Nothing but an exact copy of the data should be given.
[Supplied records Boundary: Start]
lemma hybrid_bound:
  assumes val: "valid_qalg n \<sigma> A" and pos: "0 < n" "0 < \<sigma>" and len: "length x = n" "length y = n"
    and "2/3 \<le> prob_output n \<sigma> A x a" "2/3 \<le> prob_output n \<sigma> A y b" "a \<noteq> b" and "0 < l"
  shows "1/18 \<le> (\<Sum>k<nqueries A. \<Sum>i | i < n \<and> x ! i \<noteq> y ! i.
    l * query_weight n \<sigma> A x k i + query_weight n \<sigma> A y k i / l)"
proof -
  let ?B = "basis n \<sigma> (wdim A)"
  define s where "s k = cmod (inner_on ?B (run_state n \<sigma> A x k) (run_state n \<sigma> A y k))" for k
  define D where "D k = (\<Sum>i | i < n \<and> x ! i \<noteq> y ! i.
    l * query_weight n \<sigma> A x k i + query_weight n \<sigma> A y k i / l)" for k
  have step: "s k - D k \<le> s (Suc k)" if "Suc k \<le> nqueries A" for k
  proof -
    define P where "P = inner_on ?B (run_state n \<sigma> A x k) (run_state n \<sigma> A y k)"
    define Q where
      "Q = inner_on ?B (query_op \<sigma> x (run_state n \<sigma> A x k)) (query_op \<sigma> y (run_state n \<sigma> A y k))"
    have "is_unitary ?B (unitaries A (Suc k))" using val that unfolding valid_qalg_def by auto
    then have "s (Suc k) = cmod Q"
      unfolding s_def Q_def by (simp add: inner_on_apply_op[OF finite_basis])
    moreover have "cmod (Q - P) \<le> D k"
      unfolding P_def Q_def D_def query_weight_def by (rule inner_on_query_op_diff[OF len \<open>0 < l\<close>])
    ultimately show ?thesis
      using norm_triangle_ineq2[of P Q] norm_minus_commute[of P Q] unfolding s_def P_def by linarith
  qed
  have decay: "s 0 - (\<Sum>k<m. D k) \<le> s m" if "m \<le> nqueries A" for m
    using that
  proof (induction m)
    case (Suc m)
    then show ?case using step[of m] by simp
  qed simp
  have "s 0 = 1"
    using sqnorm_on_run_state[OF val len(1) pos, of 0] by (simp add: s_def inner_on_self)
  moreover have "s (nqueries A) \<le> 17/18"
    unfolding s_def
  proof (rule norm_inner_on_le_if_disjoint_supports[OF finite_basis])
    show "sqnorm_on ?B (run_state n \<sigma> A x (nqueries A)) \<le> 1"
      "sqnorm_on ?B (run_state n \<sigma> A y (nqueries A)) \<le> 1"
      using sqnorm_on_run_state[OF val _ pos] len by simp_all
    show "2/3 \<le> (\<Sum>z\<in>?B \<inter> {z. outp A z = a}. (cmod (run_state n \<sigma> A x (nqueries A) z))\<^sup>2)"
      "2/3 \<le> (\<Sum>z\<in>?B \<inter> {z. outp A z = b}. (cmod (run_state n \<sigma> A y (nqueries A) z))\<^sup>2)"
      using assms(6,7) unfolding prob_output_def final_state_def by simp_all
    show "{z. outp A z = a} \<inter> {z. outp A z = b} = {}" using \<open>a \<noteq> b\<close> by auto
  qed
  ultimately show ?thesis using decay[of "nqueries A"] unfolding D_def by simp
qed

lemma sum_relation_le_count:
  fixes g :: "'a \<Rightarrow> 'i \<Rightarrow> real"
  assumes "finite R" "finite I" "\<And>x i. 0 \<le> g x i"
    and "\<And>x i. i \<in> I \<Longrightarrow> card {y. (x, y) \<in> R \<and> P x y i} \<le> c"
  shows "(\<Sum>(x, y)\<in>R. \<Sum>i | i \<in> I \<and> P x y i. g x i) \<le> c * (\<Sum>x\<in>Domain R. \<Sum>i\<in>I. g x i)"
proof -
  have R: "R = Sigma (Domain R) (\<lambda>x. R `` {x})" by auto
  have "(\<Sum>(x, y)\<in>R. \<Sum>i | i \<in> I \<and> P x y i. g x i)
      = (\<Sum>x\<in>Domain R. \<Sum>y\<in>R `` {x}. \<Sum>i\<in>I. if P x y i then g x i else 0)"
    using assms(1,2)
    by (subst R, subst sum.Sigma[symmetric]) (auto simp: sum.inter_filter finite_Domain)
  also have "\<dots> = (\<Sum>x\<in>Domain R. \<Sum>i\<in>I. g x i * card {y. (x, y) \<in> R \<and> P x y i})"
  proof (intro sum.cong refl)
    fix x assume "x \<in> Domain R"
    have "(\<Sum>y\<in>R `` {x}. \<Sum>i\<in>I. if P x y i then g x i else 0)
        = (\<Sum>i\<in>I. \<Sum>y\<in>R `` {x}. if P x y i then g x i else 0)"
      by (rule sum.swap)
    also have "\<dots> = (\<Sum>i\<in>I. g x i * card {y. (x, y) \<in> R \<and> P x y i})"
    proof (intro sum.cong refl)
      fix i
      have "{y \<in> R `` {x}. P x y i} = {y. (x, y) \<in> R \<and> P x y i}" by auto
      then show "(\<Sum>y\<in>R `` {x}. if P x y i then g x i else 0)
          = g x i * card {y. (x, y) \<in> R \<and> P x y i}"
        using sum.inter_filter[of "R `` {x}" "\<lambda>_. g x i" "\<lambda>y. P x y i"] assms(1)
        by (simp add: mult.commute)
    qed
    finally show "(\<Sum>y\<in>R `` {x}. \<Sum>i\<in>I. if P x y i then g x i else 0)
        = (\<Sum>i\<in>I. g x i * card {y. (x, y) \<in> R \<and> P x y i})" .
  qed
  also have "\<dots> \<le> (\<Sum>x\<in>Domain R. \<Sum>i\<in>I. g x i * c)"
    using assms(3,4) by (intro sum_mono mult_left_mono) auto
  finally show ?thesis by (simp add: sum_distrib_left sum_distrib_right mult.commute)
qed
[Supplied records Boundary: End]
» Result:
lemma hybrid_bound:
  assumes val: "valid_qalg n \<sigma> A" and pos: "0 < n" "0 < \<sigma>" and len: "length x = n" "length y = n"
    and "2/3 \<le> prob_output n \<sigma> A x a" "2/3 \<le> prob_output n \<sigma> A y b" "a \<noteq> b" and "0 < l"
  shows "1/18 \<le> (\<Sum>k<nqueries A. \<Sum>i | i < n \<and> x ! i \<noteq> y ! i.
    l * query_weight n \<sigma> A x k i + query_weight n \<sigma> A y k i / l)"
proof -
  let ?B = "basis n \<sigma> (wdim A)"
  define s where "s k = cmod (inner_on ?B (run_state n \<sigma> A x k) (run_state n \<sigma> A y k))" for k
  define D where "D k = (\<Sum>i | i < n \<and> x ! i \<noteq> y ! i.
    l * query_weight n \<sigma> A x k i + query_weight n \<sigma> A y k i / l)" for k
  have step: "s k - D k \<le> s (Suc k)" if "Suc k \<le> nqueries A" for k
  proof -
    define P where "P = inner_on ?B (run_state n \<sigma> A x k) (run_state n \<sigma> A y k)"
    define Q where
      "Q = inner_on ?B (query_op \<sigma> x (run_state n \<sigma> A x k)) (query_op \<sigma> y (run_state n \<sigma> A y k))"
    have "is_unitary ?B (unitaries A (Suc k))" using val that unfolding valid_qalg_def by auto
    then have "s (Suc k) = cmod Q"
      unfolding s_def Q_def by (simp add: inner_on_apply_op[OF finite_basis])
    moreover have "cmod (Q - P) \<le> D k"
      unfolding P_def Q_def D_def query_weight_def by (rule inner_on_query_op_diff[OF len \<open>0 < l\<close>])
    ultimately show ?thesis
      using norm_triangle_ineq2[of P Q] norm_minus_commute[of P Q] unfolding s_def P_def by linarith
  qed
  have decay: "s 0 - (\<Sum>k<m. D k) \<le> s m" if "m \<le> nqueries A" for m
    using that
  proof (induction m)
    case (Suc m)
    then show ?case using step[of m] by simp
  qed simp
  have "s 0 = 1"
    using sqnorm_on_run_state[OF val len(1) pos, of 0] by (simp add: s_def inner_on_self)
  moreover have "s (nqueries A) \<le> 17/18"
    unfolding s_def
  proof (rule norm_inner_on_le_if_disjoint_supports[OF finite_basis])
    show "sqnorm_on ?B (run_state n \<sigma> A x (nqueries A)) \<le> 1"
      "sqnorm_on ?B (run_state n \<sigma> A y (nqueries A)) \<le> 1"
      using sqnorm_on_run_state[OF val _ pos] len by simp_all
    show "2/3 \<le> (\<Sum>z\<in>?B \<inter> {z. outp A z = a}. (cmod (run_state n \<sigma> A x (nqueries A) z))\<^sup>2)"
      "2/3 \<le> (\<Sum>z\<in>?B \<inter> {z. outp A z = b}. (cmod (run_state n \<sigma> A y (nqueries A) z))\<^sup>2)"
      using assms(6,7) unfolding prob_output_def final_state_def by simp_all
    show "{z. outp A z = a} \<inter> {z. outp A z = b} = {}" using \<open>a \<noteq> b\<close> by auto
  qed
  ultimately show ?thesis using decay[of "nqueries A"] unfolding D_def by simp
qed

lemma sum_relation_le_count:
  fixes g :: "'a \<Rightarrow> 'i \<Rightarrow> real"
  assumes "finite R" "finite I" "\<And>x i. 0 \<le> g x i"
    and "\<And>x i. i \<in> I \<Longrightarrow> card {y. (x, y) \<in> R \<and> P x y i} \<le> c"
  shows "(\<Sum>(x, y)\<in>R. \<Sum>i | i \<in> I \<and> P x y i. g x i) \<le> c * (\<Sum>x\<in>Domain R. \<Sum>i\<in>I. g x i)"
proof -
  have R: "R = Sigma (Domain R) (\<lambda>x. R `` {x})" by auto
  have "(\<Sum>(x, y)\<in>R. \<Sum>i | i \<in> I \<and> P x y i. g x i)
      = (\<Sum>x\<in>Domain R. \<Sum>y\<in>R `` {x}. \<Sum>i\<in>I. if P x y i then g x i else 0)"
    using assms(1,2)
    by (subst R, subst sum.Sigma[symmetric]) (auto simp: sum.inter_filter finite_Domain)
  also have "\<dots> = (\<Sum>x\<in>Domain R. \<Sum>i\<in>I. g x i * card {y. (x, y) \<in> R \<and> P x y i})"
  proof (intro sum.cong refl)
    fix x assume "x \<in> Domain R"
    have "(\<Sum>y\<in>R `` {x}. \<Sum>i\<in>I. if P x y i then g x i else 0)
        = (\<Sum>i\<in>I. \<Sum>y\<in>R `` {x}. if P x y i then g x i else 0)"
      by (rule sum.swap)
    also have "\<dots> = (\<Sum>i\<in>I. g x i * card {y. (x, y) \<in> R \<and> P x y i})"
    proof (intro sum.cong refl)
      fix i
      have "{y \<in> R `` {x}. P x y i} = {y. (x, y) \<in> R \<and> P x y i}" by auto
      then show "(\<Sum>y\<in>R `` {x}. if P x y i then g x i else 0)
          = g x i * card {y. (x, y) \<in> R \<and> P x y i}"
        using sum.inter_filter[of "R `` {x}" "\<lambda>_. g x i" "\<lambda>y. P x y i"] assms(1)
        by (simp add: mult.commute)
    qed
    finally show "(\<Sum>y\<in>R `` {x}. \<Sum>i\<in>I. if P x y i then g x i else 0)
        = (\<Sum>i\<in>I. g x i * card {y. (x, y) \<in> R \<and> P x y i})" .
  qed
  also have "\<dots> \<le> (\<Sum>x\<in>Domain R. \<Sum>i\<in>I. g x i * c)"
    using assms(3,4) by (intro sum_mono mult_left_mono) auto
  finally show ?thesis by (simp add: sum_distrib_left sum_distrib_right mult.commute)
qed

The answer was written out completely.